Records for the exercise Block Start
definition basis_cocycle :: "(gb \<Rightarrow> tens2) \<Rightarrow> bool" where
  "basis_cocycle D \<longleftrightarrow> (\<forall>a b i j.
     (\<Sum>c\<in>UNIV. sc a b c * D c i j) = ad2 (e a) (D b) i j - ad2 (e b) (D a) i j)"

lemma cocycle_imp_basis_cocycle:
  assumes "linear_map \<delta>" and "cocycle \<delta>"
  shows "basis_cocycle (\<lambda>b. \<delta> (e b))"
  unfolding basis_cocycle_def
proof (intro allI)
  fix a b i j
  have "\<delta> (lie (e a) (e b)) i j = ad2 (e a) (\<delta> (e b)) i j - ad2 (e b) (\<delta> (e a)) i j"
    using assms(2) unfolding cocycle_def by simp
  moreover have "\<delta> (lie (e a) (e b)) i j = (\<Sum>c\<in>UNIV. sc a b c * \<delta> (e c) i j)"
    by (simp add: linear_map_expand[OF assms(1), of "lie (e a) (e b)"] lie_basis)
  ultimately show "(\<Sum>c\<in>UNIV. sc a b c * \<delta> (e c) i j)
      = ad2 (e a) (\<delta> (e b)) i j - ad2 (e b) (\<delta> (e a)) i j"
    by simp
qed

lemma sc_jacobi:
  "(\<Sum>c\<in>UNIV. sc a b c * sc c d k) = (\<Sum>c\<in>UNIV. sc a c k * sc b d c - sc b c k * sc a d c)"
  by (cases a; cases b; cases d; cases k) (simp_all add: sum_UNIV_gb sc_table)

lemma ad2_commutator:
  "ad2 (e a) (ad2 (e b) t) i j - ad2 (e b) (ad2 (e a) t) i j
     = (\<Sum>c\<in>UNIV. sc a b c * ad2 (e c) t i j)"
proof -
  define L :: "gb \<Rightarrow> tens2 \<Rightarrow> tens2"
    where "L x s = (\<lambda>i j. \<Sum>c\<in>UNIV. sc x c i * s c j)" for x s
  define R :: "gb \<Rightarrow> tens2 \<Rightarrow> tens2"
    where "R x s = (\<lambda>i j. \<Sum>c\<in>UNIV. sc x c j * s i c)" for x s
  have ad2_LR: "ad2 (e x) s = (\<lambda>i j. L x s i j + R x s i j)" for x s
    by (intro ext) (simp add: ad2_basis L_def R_def sum.distrib)
  have L_add: "L x (\<lambda>i j. s i j + s' i j) i j = L x s i j + L x s' i j" for x s s' i j
    by (simp add: L_def distrib_left sum.distrib)
  have R_add: "R x (\<lambda>i j. s i j + s' i j) i j = R x s i j + R x s' i j" for x s s' i j
    by (simp add: R_def distrib_left sum.distrib)
  have LL: "L x (L y t) i j = (\<Sum>d\<in>UNIV. (\<Sum>c\<in>UNIV. sc x c i * sc y d c) * t d j)" for x y i j
    unfolding L_def by (simp add: sum_distrib_left sum_distrib_right mult.assoc) (rule sum.swap)
  have RR: "R x (R y t) i j = (\<Sum>d\<in>UNIV. (\<Sum>c\<in>UNIV. sc x c j * sc y d c) * t i d)" for x y i j
    unfolding R_def by (simp add: sum_distrib_left sum_distrib_right mult.assoc) (rule sum.swap)
  have LR: "L x (R y t) i j = R y (L x t) i j" for x y i j
    unfolding L_def R_def by (simp add: sum_distrib_left mult.left_commute) (rule sum.swap)
  have jacobi_L: "L a (L b t) i j - L b (L a t) i j = (\<Sum>c\<in>UNIV. sc a b c * L c t i j)"
  proof -
    have "L a (L b t) i j - L b (L a t) i j
        = (\<Sum>d\<in>UNIV. (\<Sum>c\<in>UNIV. sc a c i * sc b d c - sc b c i * sc a d c) * t d j)"
      by (simp add: LL sum_subtractf left_diff_distrib)
    also have "\<dots> = (\<Sum>d\<in>UNIV. (\<Sum>c\<in>UNIV. sc a b c * sc c d i) * t d j)"
      by (simp only: sc_jacobi)
    also have "\<dots> = (\<Sum>c\<in>UNIV. sc a b c * L c t i j)"
      unfolding L_def by (simp add: sum_distrib_left sum_distrib_right mult.assoc) (rule sum.swap)
    finally show ?thesis .
  qed
  have jacobi_R: "R a (R b t) i j - R b (R a t) i j = (\<Sum>c\<in>UNIV. sc a b c * R c t i j)"
  proof -
    have "R a (R b t) i j - R b (R a t) i j
        = (\<Sum>d\<in>UNIV. (\<Sum>c\<in>UNIV. sc a c j * sc b d c - sc b c j * sc a d c) * t i d)"
      by (simp add: RR sum_subtractf left_diff_distrib)
    also have "\<dots> = (\<Sum>d\<in>UNIV. (\<Sum>c\<in>UNIV. sc a b c * sc c d j) * t i d)"
      by (simp only: sc_jacobi)
    also have "\<dots> = (\<Sum>c\<in>UNIV. sc a b c * R c t i j)"
      unfolding R_def by (simp add: sum_distrib_left sum_distrib_right mult.assoc) (rule sum.swap)
    finally show ?thesis .
  qed
  have ad2_ad2: "ad2 (e x) (ad2 (e y) t) i j
      = L x (L y t) i j + R y (L x t) i j + R x (L y t) i j + R x (R y t) i j" for x y
    by (simp add: ad2_LR L_add R_add LR)
  show ?thesis
    unfolding ad2_ad2 using jacobi_L jacobi_R by (simp add: ad2_LR distrib_left sum.distrib)
qed

lemma basis_cocycle_coboundary: "basis_cocycle (\<lambda>b. ad2 (e b) r)"
  unfolding basis_cocycle_def by (simp add: ad2_commutator)

lemma ad2_diff: "ad2 X (\<lambda>i j. s i j - t i j) i j = ad2 X s i j - ad2 X t i j"
  by (simp add: ad2_def right_diff_distrib sum_subtractf[symmetric] algebra_simps)

lemma basis_cocycle_diff:
  assumes "basis_cocycle D" and "basis_cocycle D'"
  shows "basis_cocycle (\<lambda>b i j. D b i j - D' b i j)"
  using assms unfolding basis_cocycle_def
  by (simp add: ad2_diff right_diff_distrib sum_subtractf)

lemma ad2_antisym:
  assumes "\<And>i j. r j i = - r i j"
  shows "ad2 (e b) r j i = - ad2 (e b) r i j"
proof -
  have "sc b c j * r c i + sc b c i * r j c = - (sc b c i * r c j + sc b c j * r i c)" for c
    using assms[of c i] assms[of j c] by simp
  then show ?thesis
    by (simp only: ad2_basis sum_negf)
qed

fun weight :: "gb \<Rightarrow> real" where
  "weight N = 0" | "weight Ap = 1" | "weight Am = -1"
| "weight Bp = 2" | "weight Bm = -2" | "weight M = 0"

lemma sc_N: "sc N a k = (if a = k then weight k else 0)"
  by (cases a; cases k) (simp_all add: sc_table)

lemma sc_nonzero_weight: "sc a b k \<noteq> 0 \<Longrightarrow> weight k = weight a + weight b"
  by (cases a; cases b; cases k) (simp_all add: sc_table)

lemma ad2_N: "ad2 (e N) t i j = (weight i + weight j) * t i j"
  by (simp add: ad2_basis sc_N distrib_right sum.distrib if_distrib[of "\<lambda>x. x * _"]
      cong: if_cong)

definition homogeneous :: "real \<Rightarrow> tens2 \<Rightarrow> bool" where
  "homogeneous w t \<longleftrightarrow> (\<forall>i j. weight i + weight j \<noteq> w \<longrightarrow> t i j = 0)"

lemma homogeneous_ad2:
  assumes "homogeneous w t"
  shows "homogeneous (weight b + w) (ad2 (e b) t)"
  unfolding homogeneous_def
proof (intro allI impI)
  fix i j assume ij: "weight i + weight j \<noteq> weight b + w"
  have "sc b c i * t c j + sc b c j * t i c = 0" for c
    using sc_nonzero_weight[of b c i] sc_nonzero_weight[of b c j] ij assms
    unfolding homogeneous_def by force
  then show "ad2 (e b) t i j = 0"
    by (simp only: ad2_basis sum.neutral_const)
qed

lemma basis_cocycle_weight:
  assumes "basis_cocycle D"
  shows "(weight i + weight j - weight b) * D b i j = ad2 (e b) (D N) i j"
proof -
  have "(\<Sum>c\<in>UNIV. sc N b c * D c i j) = ad2 (e N) (D b) i j - ad2 (e b) (D N) i j"
    using assms unfolding basis_cocycle_def by blast
  then show ?thesis
    by (simp add: sc_N ad2_N if_distrib[of "\<lambda>x. x * _"] left_diff_distrib cong: if_cong)
qed

lemma basis_cocycle_homogeneous:
  assumes "basis_cocycle D" and "homogeneous 0 (D N)"
  shows "homogeneous (weight b) (D b)"
  unfolding homogeneous_def
proof (intro allI impI)
  fix i j assume "weight i + weight j \<noteq> weight b"
  moreover have "ad2 (e b) (D N) i j = 0"
    using homogeneous_ad2[OF assms(2), of b] \<open>weight i + weight j \<noteq> weight b\<close>
    unfolding homogeneous_def by simp
  ultimately show "D b i j = 0"
    using basis_cocycle_weight[OF assms(1), of i j b] by simp
qed

lemma homogeneous_cocycle_eq_0:
  assumes C: "basis_cocycle D" and antisym: "\<And>b i j. D b j i = - D b i j"
    and H: "homogeneous 0 (D N)"
    and normalized: "D Ap Ap M = 0" "D Am Am M = 0" "D Bp N Bp = 0"
  shows "D b i j = 0"
proof -
  have off_weight [simp]: "D b i j = 0" if "weight i + weight j \<noteq> weight b" for b i j
    using basis_cocycle_homogeneous[OF C H, of b] that unfolding homogeneous_def by blast
  have diag [simp]: "D b i i = 0" for b i
    using antisym[of b i i] by simp
  note cocycle = C[unfolded basis_cocycle_def, rule_format]
  \<comment> \<open>These instances have rank 13 on the 16 entries of matching weight (up to
    antisymmetry), so together with the three normalised entries they force all to vanish.\<close>
  note weight_zero_eqs =
    cocycle[of N Ap Ap M] cocycle[of N Ap Am Bp] cocycle[of N Am Am M] cocycle[of Ap Am N M]
    cocycle[of Ap Am Ap Am] cocycle[of Ap Am Bp Bm] cocycle[of Ap Bp Ap Bp]
    cocycle[of Ap Bm N Am] cocycle[of Ap Bm Ap Bm] cocycle[of Ap Bm Am M]
    cocycle[of Ap M Ap M] cocycle[of Am Bp Ap M] cocycle[of Am Bp Am Bp]
  note eqs = weight_zero_eqs[unfolded sum_UNIV_gb ad2_basis sc_table, simplified]
  note swaps =
    antisym[of N N M] antisym[of N Ap Am] antisym[of N Bp Bm] antisym[of Ap N Ap]
    antisym[of Ap Ap M] antisym[of Ap Am Bp] antisym[of Am N Am] antisym[of Am Ap Bm]
    antisym[of Am Am M] antisym[of Bp N Bp] antisym[of Bp Bp M] antisym[of Bm N Bm]
    antisym[of Bm Bm M] antisym[of M N M] antisym[of M Ap Am] antisym[of M Bp Bm]
  show ?thesis
  proof (cases "weight i + weight j = weight b")
    case True
    then show ?thesis
      by (cases b; cases i; cases j; simp; insert eqs normalized swaps; linarith)
  qed (rule off_weight)
qed

text \<open>On entries of nonzero weight the first summand inverts ad N on D N; on weight-zero
  entries it is a division by zero, hence 0, and the three wedge terms instead make the
  entries normalised in homogeneous_cocycle_eq_0 vanish.\<close>
definition coboundary_potential :: "(gb \<Rightarrow> tens2) \<Rightarrow> tens2" where
  "coboundary_potential D = (\<lambda>i j. D N i j / (weight i + weight j)
     + (D Am Am M - D Ap Ap M) / 2 * wedge (e N) (e M) i j
     - (D Ap Ap M + D Am Am M) / 2 * wedge (e Ap) (e Am) i j
     + D Bp N Bp / 4 * wedge (e Bp) (e Bm) i j)"

lemma coboundary_potential_antisym:
  assumes "\<And>i j. D N j i = - D N i j"
  shows "coboundary_potential D j i = - coboundary_potential D i j"
  using assms[of i j] unfolding coboundary_potential_def wedge_def
  by (simp add: add.commute) (simp add: field_simps)
(* On the six equivalence classes of type A faces $[F_{L_0}],[F_{L_1}],[F_{L_2}],[F_{L_3}],[F_{L_4}],[F_0]$, the relation $\Subset$ is exactly the reflexive–transitive closure of $F_{L_1}\Subset F_{L_0}$, $F_{L_2}\Subset F_{L_0}$, $F_{L_3}\Subset F_{L_1}$, $F_{L_3}\Subset F_{L_2}$, $F_{L_4}\Subset F_{L_2}$, $F_0\Subset F_{L_3}$, $F_0\Subset F_{L_4}$. In particular $F_{L_1},F_{L_2}$ are incomparable, $F_{L_3},F_{L_4}$ are incomparable, and $F_{L_4}\not\Subset F_{L_1}$.
   Context: $H_k\subseteq\mathbb R[x,y,z]$: real ternary forms of degree $k$; $P_{3,4}=\{f\in H_4: f\ge0\text{ on }\mathbb P^2(\mathbb R)\}$. $GL_3(\mathbb R)$ acts on forms by $(\sigma f)(a)=f(\sigma^{-1}a)$. For faces $F,G$ of $P_{3,4}$, $[F]\Subset[G]$ means there is $\sigma\in GL_3(\mathbb R)$ with $F\subseteq\sigma(G)$. For a real line $l'$ (identified with a defining linear form) and a projective linear subspace $U\subseteq\mathbb P^2(\mathbb R)$ (possibly empty), $F_{(l',U)}=\{l'^2g: g\in H_2,\ g\ge0\text{ on }\mathbb P^2(\mathbb R),\ g|_U=0\}$. Fix distinct real lines $l,k$, a point $p\in l$, and $q\in\mathbb P^2(\mathbb R)\setminus l$: $F_{L_0}=F_{(l,\emptyset)}$, $F_{L_1}=F_{(l,\{q\})}$, $F_{L_2}=F_{(l,\{p\})}$, $F_{L_3}=F_{(l,k)}$, $F_{L_4}=F_{(l,l)}$, $F_0=\{0\}$. *)

theory Defs
  imports "HOL-Analysis.Analysis"
begin

type_synonym form = "real^3 \<Rightarrow> real"

definition H :: "nat \<Rightarrow> form set" where
  "H k = {f. \<exists>c :: nat \<Rightarrow> nat \<Rightarrow> real.
      f = (\<lambda>a. \<Sum>i\<le>k. \<Sum>j\<le>k - i. c i j * (a$1)^i * (a$2)^j * (a$3)^(k - i - j))}"

definition act :: "real^3^3 \<Rightarrow> form \<Rightarrow> form" where
  "act \<sigma> f = (\<lambda>a. f (matrix_inv \<sigma> *v a))"

definition face_le :: "form set \<Rightarrow> form set \<Rightarrow> bool" where
  "face_le F G \<longleftrightarrow> (\<exists>\<sigma>. invertible \<sigma> \<and> F \<subseteq> act \<sigma> ` G)"
(* Fix $D,\alpha,\theta>0$. There is a constant $C=C(D,\alpha,\theta)$ such that for every finite connected graph $G$ on $n$ vertices satisfying (bal), (mix), (esc) with parameters $D,\alpha,\theta$, with $n$ sufficiently large, the following holds. Let $Y,Z$ be two independent lazy random walks of length $r-1$ started from two independent $\pi$-distributed vertices. Then, viewing $Y,Z$ as their vertex sets, $$\mathbb E\left[\mathrm{Close}_r(Y,Z)\right]\le C q^4,\qquad q=r/\sqrt n.$$
   Context: For a finite connected graph $G=(V,E)$ with $n$ vertices, $d(v)$ is the degree of $v$, $\delta(G),\Delta(G)$ are the minimum and maximum degrees. The lazy random walk $(X_t)$ on $G$ at each step stays put with probability $1/2$ and otherwise moves along a uniformly chosen edge incident to the current vertex; $\Pr_\mu$ denotes its law with $X_0\sim\mu$. Write $\mathbf p^t(u,v)=\Pr_u(X_t=v)$ and $\pi(v)=d(v)/(2|E|)$. The uniform mixing time is $t_{\mathrm{mix}}(G)=\min\{t\ge0:\max_{u,v\in V}|\mathbf p^t(u,v)/\pi(v)-1|\le 1/2\}$, and the bubble sum is $\mathcal B(G)=\sum_{t=0}^{t_{\mathrm{mix}}(G)}(t+1)\sup_{v}\mathbf p^t(v,v)$. Assumptions with parameters $D,\alpha,\theta>0$: (bal) $\Delta(G)/\delta(G)\le D$; (mix) $t_{\mathrm{mix}}(G)\le n^{1/2-\alpha}$; (esc) $\mathcal B(G)\le\theta$. The run time is $r=n^{1/2-\alpha/3}$ (rounded to an integer). For nonempty $U\subseteq V$, $\tau_U=\min\{t\ge 0:X_t\in U\}$. The $r$-closeness of two vertex sets is $\mathrm{Close}_r(U_1,U_2)=\Pr_\pi(\tau_{U_1}<r\text{ and }\tau_{U_2}<r)$, where the probability is over a lazy random walk $X$ with $X_0\sim\pi$ independent of $U_1,U_2$. *)

theory Defs
  imports Complex_Main "HOL-Library.FuncSet"
begin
Records for the exercise Block End
* Assignment
The required output is the stretch of entries above from the line containing "set \<Rightarrow> form" through the line containing "(* Fix $D,\alpha,\theta>0$.", reproduced exactly.

* Answer to this task
definition face_le :: "form set \<Rightarrow> form set \<Rightarrow> bool" where
  "face_le F G \<longleftrightarrow> (\<exists>\<sigma>. invertible \<sigma> \<and> F \<subseteq> act \<sigma> ` G)"
(* Fix $D,\alpha,\theta>0$. There is a constant $C=C(D,\alpha,\theta)$ such that for every finite connected graph $G$ on $n$ vertices satisfying (bal), (mix), (esc) with parameters $D,\alpha,\theta$, with $n$ sufficiently large, the following holds. Let $Y,Z$ be two independent lazy random walks of length $r-1$ started from two independent $\pi$-distributed vertices. Then, viewing $Y,Z$ as their vertex sets, $$\mathbb E\left[\mathrm{Close}_r(Y,Z)\right]\le C q^4,\qquad q=r/\sqrt n.$$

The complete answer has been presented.